Os dados divulgados pelo INE – Instituto Nacional de Estatística e pelo BdP – Banco de Portugal confirmam a importância do setor na economia portuguesa. De acordo com os dados do último boletim estatístico do INE, até setembro de 2016, as dormidas de estrangeiros, em Portugal, situaram-se nos 30,7 milhões, lideradas pelo Reino Unido (com 7,4 milhões), logo seguido pela Alemanha (com 4,1 milhões). As dormidas dos portugueses ascenderam neste período a 12,4 milhões (+4.5 % que em 2015).

Já os dados do Banco de Portugal refletem a boa performance do turismo em Portugal, com as Receitas Turísticas a consolidarem-se nos 9,7 mil milhões de euros, representando um crescimento de 9,5%, face ao período homólogo de 2015.

Os números referentes ao verão foram assinaláveis e Luís Araújo, presidente do Turismo de Portugal, refere que “comparando com o ano transato, verificamos que nos meses tipicamente de verão, entre julho e setembro, todas as variáveis cresceram:  mais 6,0% de dormidas (20,0 milhões), mais 6,6% de hóspedes (6,5 milhões) e mais 9,3% de receitas (4,7 mil milhões de euros)”.

O presidente do Turismo de Portugal reforça ainda que “todos os indicadores relevantes estão a crescer de forma substancial e de modo sustentado. Devemos, por isso, estar todos orgulhosos do nosso trabalho. E, quando digo todos, são mesmo todos: setor público, privado, regiões, delegações no estrangeiro, hoteleiros, agentes de viagens, animação turística e até as pessoas que, não estando de modo direto ligadas ao turismo, são responsáveis por alguma atividade que interage com os turistas. E chegámos aqui porque todos conseguimos criar uma consciência do turismo e trabalhar nos pontos essenciais: a captação de turistas, a qualidade da oferta melhorando e diversificando a experiência proporcionada e a fidelização.
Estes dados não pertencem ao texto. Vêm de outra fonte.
lemma blocks_concat_nth:
  assumes "t \<in> T" "list_all2 (\<lambda>x j. x \<in> S j) xs t" "i < r" "k < m"
  shows "concat xs ! (i * m + k) = xs ! i ! k"
  using nth_concat_blocks[OF blocks_length[OF assms(1,2)]] blocksD(1)[OF assms(1,2)] assms(3,4)
  by simp

lemma compose_subset_ternary_vecs: "compose T S \<subseteq> ternary_vecs (m * r)"
proof
  fix u assume "u \<in> compose T S"
  then obtain t xs where xs: "t \<in> T" "list_all2 (\<lambda>x j. x \<in> S j) xs t" "u = concat xs"
    by (rule composeE)
  have "length u = m * r"
    using xs blocksD(1)[OF xs(1,2)] blocks_length[OF xs(1,2)]
    by (simp add: length_concat sum_list_triv cong: map_cong)
  moreover have "set u \<subseteq> {0, 1, 2}"
    using xs blocksD(4)[OF xs(1,2)] unfolding ternary_vecs_def by auto
  ultimately show "u \<in> ternary_vecs (m * r)" unfolding ternary_vecs_def by blast
qed

lemma compose_zero_nonzero:
  assumes "u \<in> compose T S" "v \<in> compose T S" "u \<noteq> v"
  shows "\<exists>j<m * r. u ! j = 0 \<and> v ! j \<noteq> 0"
proof -
  obtain t xs where xs: "t \<in> T" "list_all2 (\<lambda>x j. x \<in> S j) xs t" "u = concat xs"
    using assms(1) by (rule composeE)
  obtain t' ys where ys: "t' \<in> T" "list_all2 (\<lambda>x j. x \<in> S j) ys t'" "v = concat ys"
    using assms(2) by (rule composeE)
  note xs_props = blocksD[OF xs(1,2)] and ys_props = blocksD[OF ys(1,2)]
  have "\<exists>i<r. \<exists>k<m. xs ! i ! k = 0 \<and> ys ! i ! k \<noteq> 0"
  proof (cases "t = t'")
    case True
    then have "xs \<noteq> ys" using xs(3) ys(3) assms(3) by blast
    then obtain i where i: "i < r" "xs ! i \<noteq> ys ! i"
      using xs_props(1) ys_props(1) by (auto simp: list_eq_iff_nth_eq)
    have blocks: "xs ! i \<in> S (t ! i)" "ys ! i \<in> S (t ! i)"
      using xs_props(3)[OF i(1)] ys_props(3)[OF i(1)] True by auto
    have "admissible m (S (t ! i))" using meta_extendable_admissible[OF ME xs_props(2)[OF i(1)]] .
    from admissible_zero_nonzero[OF this blocks i(2)] show ?thesis using i(1) by blast
  next
    case False
    then obtain i where i: "i < r" "t ! i = 0" "t' ! i \<noteq> 0"
      using admissible_zero_nonzero[OF AT xs(1) ys(1)] by blast
    have len: "length (xs ! i) = m" "length (ys ! i) = m"
      using i(1) xs_props(1) ys_props(1) blocks_length[OF xs(1,2)] blocks_length[OF ys(1,2)] by auto
    have "weight (xs ! i) < weight (ys ! i)"
      using i xs_props(3) ys_props(2,3) meta_extendable_weight_less[OF ME] by fastforce
    from weight_less_imp_zero_nonzero[OF _ this] show ?thesis using i(1) len by auto
  qed
  then obtain i k where "i < r" "k < m" "xs ! i ! k = 0" "ys ! i ! k \<noteq> 0" by blast
  then show ?thesis
    using xs ys blocks_concat_nth block_index_less by (intro exI[of _ "i * m + k"]) simp
qed

lemma compose_good3:
  assumes "u \<in> compose T S" "v \<in> compose T S" "w \<in> compose T S" "u \<noteq> v"
  shows "\<exists>j<m * r. good3 (u ! j) (v ! j) (w ! j)"
proof -
  obtain t xs where xs: "t \<in> T" "list_all2 (\<lambda>x j. x \<in> S j) xs t" "u = concat xs"
    using assms(1) by (rule composeE)
  obtain t' ys where ys: "t' \<in> T" "list_all2 (\<lambda>x j. x \<in> S j) ys t'" "v = concat ys"
    using assms(2) by (rule composeE)
  obtain t'' zs where zs: "t'' \<in> T" "list_all2 (\<lambda>x j. x \<in> S j) zs t''" "w = concat zs"
    using assms(3) by (rule composeE)
  note xs_props = blocksD[OF xs(1,2)] and ys_props = blocksD[OF ys(1,2)]
    and zs_props = blocksD[OF zs(1,2)]
  have "\<exists>i<r. \<exists>k<m. good3 (xs ! i ! k) (ys ! i ! k) (zs ! i ! k)"
  proof (cases "t = t' \<and> t' = t''")
    case True
    then have "xs \<noteq> ys" using xs(3) ys(3) assms(4) by blast
    then obtain i where i: "i < r" "xs ! i \<noteq> ys ! i"
      using xs_props(1) ys_props(1) by (auto simp: list_eq_iff_nth_eq)
    have blocks: "xs ! i \<in> S (t ! i)" "ys ! i \<in> S (t ! i)" "zs ! i \<in> S (t ! i)"
      using xs_props(3)[OF i(1)] ys_props(3)[OF i(1)] zs_props(3)[OF i(1)] True by auto
    have "admissible m (S (t ! i))" using meta_extendable_admissible[OF ME xs_props(2)[OF i(1)]] .
    from admissible_good3[OF this blocks disjI1[OF i(2)]] show ?thesis using i(1) by blast
  next
    case False
    then have "t \<noteq> t' \<or> t' \<noteq> t''" by blast
    then obtain i where i: "i < r" "good3 (t ! i) (t' ! i) (t'' ! i)"
      using admissible_good3[OF AT xs(1) ys(1) zs(1)] by blast
    from meta_extendable_good3[OF ME i(2) xs_props(3)[OF i(1)] ys_props(3)[OF i(1)] zs_props(3)[OF i(1)]]
    show ?thesis using i(1) by blast
  qed
  then obtain i k where "i < r" "k < m" "good3 (xs ! i ! k) (ys ! i ! k) (zs ! i ! k)" by blast
  then show ?thesis
    using xs ys zs blocks_concat_nth block_index_less by (intro exI[of _ "i * m + k"]) simp
qed

end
Em 2017 trabalharemos para que as empresas portuguesas se tornem ainda mais competitivas, sólidas e inovadoras; com o claro objetivo de induzir mais crescimento neste que é um setor tão importante para a economia portuguesa” conclui.

Entre janeiro e setembro, a procura foi impulsionada pelos mercados europeus consolidados – Reino Unido, Alemanha, Espanha e França. Até setembro de 2016 os cinco principais mercados para Portugal concentraram 60% do total de dormidas de estrangeiros. De destacar ainda o forte crescimento dos Estados Unidos, +154 mil dormidas, (+20,6% relativamente a 2015) demostrando o aumento da eficácia da mensagem comunicacional de Portugal e a forte aposta neste mercado.

Finalmente destacam-se os valores do Rendimento Médio por Quarto Disponível (RevPar) que evidenciam importantes taxas de crescimento no período Janeiro a Setembro. O crescimento a dois dígitos deste indicador (+12,7%) de forma superior ao crescimento do número de hóspedes (+ 9,2%) evidencia o excelente desempenho das empresas nacionais.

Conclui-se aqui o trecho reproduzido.